Жители Гидры – очень выносливые существа, тем более те из них, что прошли горнило вступительных экзаменов в Школу прогрессоров. Поэтому неудивительно, что организм Молчуна поборол нервную горячку и залечил травмы, полученные при ударе о скалу. Он обрел власть над своим телом и даже преобразовал его в привычную гидру, только совсем небольшую, по размеру спасительной раковины. Следовало теперь осмыслить сложившуюся ситуацию и мизерные шансы на выполнение задания. И тут Молчун, к своему удивлению, обнаружил провалы в памяти!
Нет, то, что он прогрессор с планеты Гидра и звать его Молчун, он помнил. А это планета Гея, на которую он прилетел на космическом боте в паре – надо же – с Везунчиком! Посадка была аварийной, они упали в воду и… И все, дальше он ничего не помнил. Куда девался Везунчик? Где этот долбаный бот? Или хотя бы его координаты в памяти… И с какой стати он залез в раковину и уменьшил себя до последнего предела? Попробуй теперь нарастить рабочий объем и энергетический ресурс…

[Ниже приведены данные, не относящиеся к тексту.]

(* Let $k$ be a field, $R=k[x_1,\dots,x_n]$, and $I=(x_1^{a_1},\dots,x_n^{a_n},x_1^{b_1}\cdots x_n^{b_n})$ with $0\le b_i<a_i$ for all $i$ and $b_i\neq0$, $b_j\ne 0$ for at least two distinct indices $i,j$. For each $i$ with $b_i\neq 0$ set $d_i=\gcd(a_i,b_i)$, $a_i'=a_i/d_i$, $b_i'=b_i/d_i$, $c_i=d_i$; for $i$ with $b_i=0$ set $a_i'=a_i$, $b_i'=0$, $c_i=1$. Let $I'=(x_1^{a_1'},\dots,x_n^{a_n'},x_1^{b_1'}\cdots x_n^{b_n'})$, and let $\delta$ be the $k$-algebra endomorphism of $R[T_1,\dots,T_{n+1}]$ with $\delta(T_j)=T_j$ for all $j$ and $\delta(x_i)=x_i^{c_i}$. Let $\mathcal J$ (resp. $\mathcal J'$) be the defining ideal of the Rees algebra of $I$ (resp. $I'$), i.e. the kernel of $R[T_1,\dots,T_{n+1}]\to R[IT]$ sending $T_i\mapsto x_i^{a_i}T$ ($i\le n$), $T_{n+1}\mapsto x^{b}T$ (resp. with the primed exponents). Then: (1) $\mathcal J$ is generated by $\delta(\mathcal J')$; moreover $\mathcal J$ and $\mathcal J'$ have the same number of minimal binomial generators, with the same degrees in $T_1,\dots,T_{n+1}$. (2) If $J'=(x_1^{a_1'},\dots,x_n^{a_n'})$ is a reduction of $I'$, then $J=(x_1^{a_1},\dots,x_n^{a_n})$ is a reduction of $I$ and $\operatorname{red}_J(I)=\operatorname{red}_{J'}(I')$.
   Context: For ideals $J\subset I$, $J$ is a reduction of $I$ if $JI^{r}=I^{r+1}$ for some $r\ge0$; the least such $r$ is the reduction number $\operatorname{red}_J(I)$. *)

theory Defs
  imports Main "HOL-Library.Poly_Mapping"
begin

definition is_ideal :: "'a::comm_ring_1 set \<Rightarrow> bool" where
  "is_ideal I \<longleftrightarrow> 0 \<in> I \<and> (\<forall>x\<in>I. \<forall>y\<in>I. x + y \<in> I) \<and> (\<forall>r. \<forall>x\<in>I. r * x \<in> I)"

definition ideal_gen :: "'a::comm_ring_1 set \<Rightarrow> 'a set" where
  "ideal_gen S = \<Inter>{I. is_ideal I \<and> S \<subseteq> I}"

definition ideal_mult :: "'a::comm_ring_1 set \<Rightarrow> 'a set \<Rightarrow> 'a set" where
  "ideal_mult I J = ideal_gen {x * y | x y. x \<in> I \<and> y \<in> J}"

Не было ясности и с прогрессорской миссией. Им надлежало… не то вывезти, не то устранить… президента какой-то геянской страны – но какой? И как звать этого президента? Полные потемки… Хотя… что-то такое брезжит… Имя похоже, кажется, на геянское название какого-то химического элемента…Да, так говорил Везунчик! А какие у них названия элементов? Тоже ведь толком не помню. Стой: оксигениум, гидрогениум, феррум… Не то, как то короче: гар, вар, бар? Нет, не помню!
Подведем итоги: напарника нет, корабля нет, объекта акции нет. Что же теперь делать? Видимо пока просто выживать, приходить в норму. А там, глядишь, и амнезия пройдет, вспомню все что надо.
В коралловый биоценоз Молчун вписался удачно – главным образом, благодаря панцирю раковины. Ни рыбы, ни крабы даже не пытались ее сокрушить. Вопрос с питанием тоже разрешился: лишенный возможности прямого фотосинтеза, Молчун регенерировал атавистическую пищеварительную систему гидры (увы, их род возник отнюдь не с фотоэлементами), и вскоре в венчик щупальцев, обманчиво вяло колышащихся над устьем раковины, стала попадать различная придонная мелочь: черви, рачки, мальки рыб, а потом и сами рыбешки. Охоте весьма способствовало использование Молчуном электрических стрекал: бенц! разряд и безвольная тварь тянется щупальцем в пищеварительный мешок.
Весьма скоро раковина стала Молчуну тесна. Жаль было покидать эту цитадель, но вместе со своим жильцом она расти не могла. Впрочем, к тому времени прогрессор весьма окреп и, при желании, сам мог стать грозой всех обитателей кораллового рифа. Поразмыслив, он преобразовал себя в электрического ската, – вернее, псевдоската, так как в отличие от оригинала не захотел питаться придонной мелочью, а стал охотником на рыб. Рыбы никак не ожидали от "ската" такой подлянки и так и не смогли привыкнуть к его ударам исподтишка. Масса и энергия Молчуна стремительно росли. По мере роста он предусмотрительно стал восстанавливать многоячеистость своей структуры и кропотливо исправлять многочисленные повреждения в системе подкожных фотоэлементов.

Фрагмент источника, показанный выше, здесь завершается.